Initialisation strategies
In DynamicPPL, initialisation strategies are used to determine the parameters used to evaluate a model.
One might perhaps more appropriately call them parameter generation strategies. Even the name initialisation is a bit of a historical misnomer (the original intent was that they would be used to populate an empty VarInfo with some values). However, over time, it has become clear that these are general enough to describe essentially any way of choosing parameters to evaluate a model with.
Currently, initialisation strategies are stored inside a model: specifically, if a model's context field is an InitContext, that context will contain a DynamicPPL.AbstractInitStrategy.
Every time an assume tilde-statement is seen (i.e., a random variable), the initialisation strategy is used to generate a value for that variable.
DynamicPPL.AbstractInitStrategy — Type
AbstractInitStrategyAbstract type representing the possible ways of initialising new values for the random variables in a model (e.g., when creating a new VarInfo).
Any subtype of AbstractInitStrategy must implement the DynamicPPL.init method, and in some cases, DynamicPPL.get_param_eltype (see its docstring for details).
Each initialisation strategy must implement DynamicPPL.init(rng, vn, dist, strategy), which must return an AbstractTransformedValue.
An example
Consider the following model:
using DynamicPPL, Distributions, Random
@model function f()
x ~ Normal()
return x
end
model = f()Model{typeof(Main.f), (), (), (), Tuple{}, Tuple{}, DefaultContext, false}(Main.f, NamedTuple(), NamedTuple(), DefaultContext())Suppose we are writing a Metropolis–Hastings sampler, and we want to perform a random walk where the next proposed value of x depends on the previous value of x. Given a previous value x_prev we can define a custom initialisation strategy as follows:
struct InitRandomWalk <: DynamicPPL.AbstractInitStrategy
x_prev::Float64
step_size::Float64
end
function DynamicPPL.init(rng, vn::VarName, ::Distribution, strategy::InitRandomWalk)
new_x = rand(rng, Normal(strategy.x_prev, strategy.step_size))
# Insert some printing to see when this is called.
@info "init() is returning: $new_x"
return DynamicPPL.UntransformedValue(new_x)
endGiven a previous value of x
x_prev = 4.0we can then make a proposal for x as follows:
new_x, new_vi = DynamicPPL.init!!(
model, VarInfo(), InitRandomWalk(x_prev, 0.5), UnlinkAll()
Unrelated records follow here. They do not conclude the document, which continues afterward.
locale eigendecomposition =
  fixes n :: nat and A Q :: "real mat" and d :: "nat \<Rightarrow> real"
  assumes carrier_A: "A \<in> carrier_mat n n" and carrier_Q: "Q \<in> carrier_mat n n"
    and orthogonal: "Q\<^sup>T * Q = 1\<^sub>m n" and diagonal: "Q\<^sup>T * A * Q = mat_diag n d"
begin

lemma orthogonal_right: "Q * Q\<^sup>T = 1\<^sub>m n"
  using mat_mult_left_right_inverse[OF _ carrier_Q orthogonal] carrier_Q by simp

lemma spectral_decomposition: "A = Q * mat_diag n d * Q\<^sup>T"
proof -
  have "Q * mat_diag n d * Q\<^sup>T = (Q * Q\<^sup>T) * A * (Q * Q\<^sup>T)"
    unfolding diagonal[symmetric] using carrier_Q carrier_A by (simp add: assoc_mult_mat[of _ n n _ n _ n])
  thus ?thesis unfolding orthogonal_right using carrier_A by simp
qed

lemma sorted_eigs_eq: "sorted_eigs A = sort (map d [0..<n])"
proof -
  have "similar_mat A (mat_diag n d)"
    unfolding similar_mat_def similar_mat_wit_def using carrier_A carrier_Q orthogonal orthogonal_right spectral_decomposition
    by (intro exI[of _ Q] exI[of _ "Q\<^sup>T"]) (auto simp: Let_def)
  hence "char_poly A = char_poly (mat_diag n d)" by (rule char_poly_similar)
  also have "\<dots> = (\<Prod>a\<leftarrow>diag_mat (mat_diag n d). [:- a, 1:])"
    by (rule char_poly_upper_triangular) (auto simp: upper_triangular_def mat_diag_def)
  also have "diag_mat (mat_diag n d) = map d [0..<n]"
    unfolding diag_mat_def mat_diag_def by (intro nth_equalityI) auto
  finally have cp: "char_poly A = (\<Prod>a\<leftarrow>map d [0..<n]. [:- a, 1:])" .
  show ?thesis unfolding sorted_eigs_def cp proots_prod_linear_factors sorted_list_of_multiset_mset ..
qed

lemma coords_inverse: "c \<in> carrier_vec n \<Longrightarrow> Q\<^sup>T *\<^sub>v (Q *\<^sub>v c) = c"
  using carrier_Q orthogonal by (simp add: assoc_mult_mat_vec[symmetric, of "Q\<^sup>T" n n Q n c])

lemma quadratic_form_coords:
  assumes y: "y \<in> carrier_vec n"
  shows "y \<bullet> (A *\<^sub>v y) = (\<Sum>k<n. d k * ((Q\<^sup>T *\<^sub>v y)$k)^2)"
proof -
  define c where "c = Q\<^sup>T *\<^sub>v y"
  have c: "c \<in> carrier_vec n" unfolding c_def using carrier_Q y by simp
  have "y \<bullet> (A *\<^sub>v y) = y \<bullet> (Q *\<^sub>v (mat_diag n d *\<^sub>v c))"
    unfolding c_def spectral_decomposition using carrier_Q y by (simp add: assoc_mult_mat_vec[of _ n n _ n])
  also have "\<dots> = c \<bullet> (mat_diag n d *\<^sub>v c)"
    using transpose_vec_mult_scalar[OF carrier_Q mult_mat_vec_carrier[OF mat_diag_dim c] y]
    unfolding c_def by simp
  finally show ?thesis unfolding c_def[symmetric] using c
    by (simp add: mat_diag_mult_vec scalar_prod_def lessThan_atLeast0 power2_eq_square algebra_simps)
qed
)[ Info: init() is returning: 3.802712008190864When evaluating the model, the value for x will be exactly that new value we proposed. We can see this from the return value:
new_x3.802712008190864Furthermore, we can read off the associated log-probability from the newly returned VarInfo:
DynamicPPL.getlogjoint(new_vi) ≈ logpdf(Normal(), new_x)true(From this log-probability, we can compute the acceptance ratio for the Metropolis–Hastings step.)
In this case, we have defined an initialisation strategy that is random (and thus uses the rng argument for reproducibility). However, initialisation strategies can also be fully deterministic, in which case the rng argument is not needed. For example, DynamicPPL.InitFromParams reads from a set of given parameters.
The returned AbstractTransformedValue
As mentioned above, the init function must return an AbstractTransformedValue. The subtype of AbstractTransformedValue used does not affect the result of the model evaluation, but it may have performance implications. In particular, the returned subtype does not determine whether the log-Jacobian term is accumulated or not: that is determined by a separate transform strategy.
What this means is that initialisation strategies should always choose the laziest possible subtype of AbstractTransformedValue.
For example, in the above example, we used UntransformedValue, which is the simplest possible choice. If a linked value is required by a later step inside tilde_assume!!, it is the responsibility of that step to perform the linking.
Conversely, DynamicPPL.InitFromUniform samples inside linked space. Instead of performing the inverse link transform and returning an UntransformedValue, it directly returns a LinkedVectorValue: this means that if a linked value is required by a later step, it is not necessary to link it again. Even if no linked value is required, this lazy approach does not hurt performance, as it just defers the inverse linking to the later step.
In both cases, only one linking operation is performed (at most).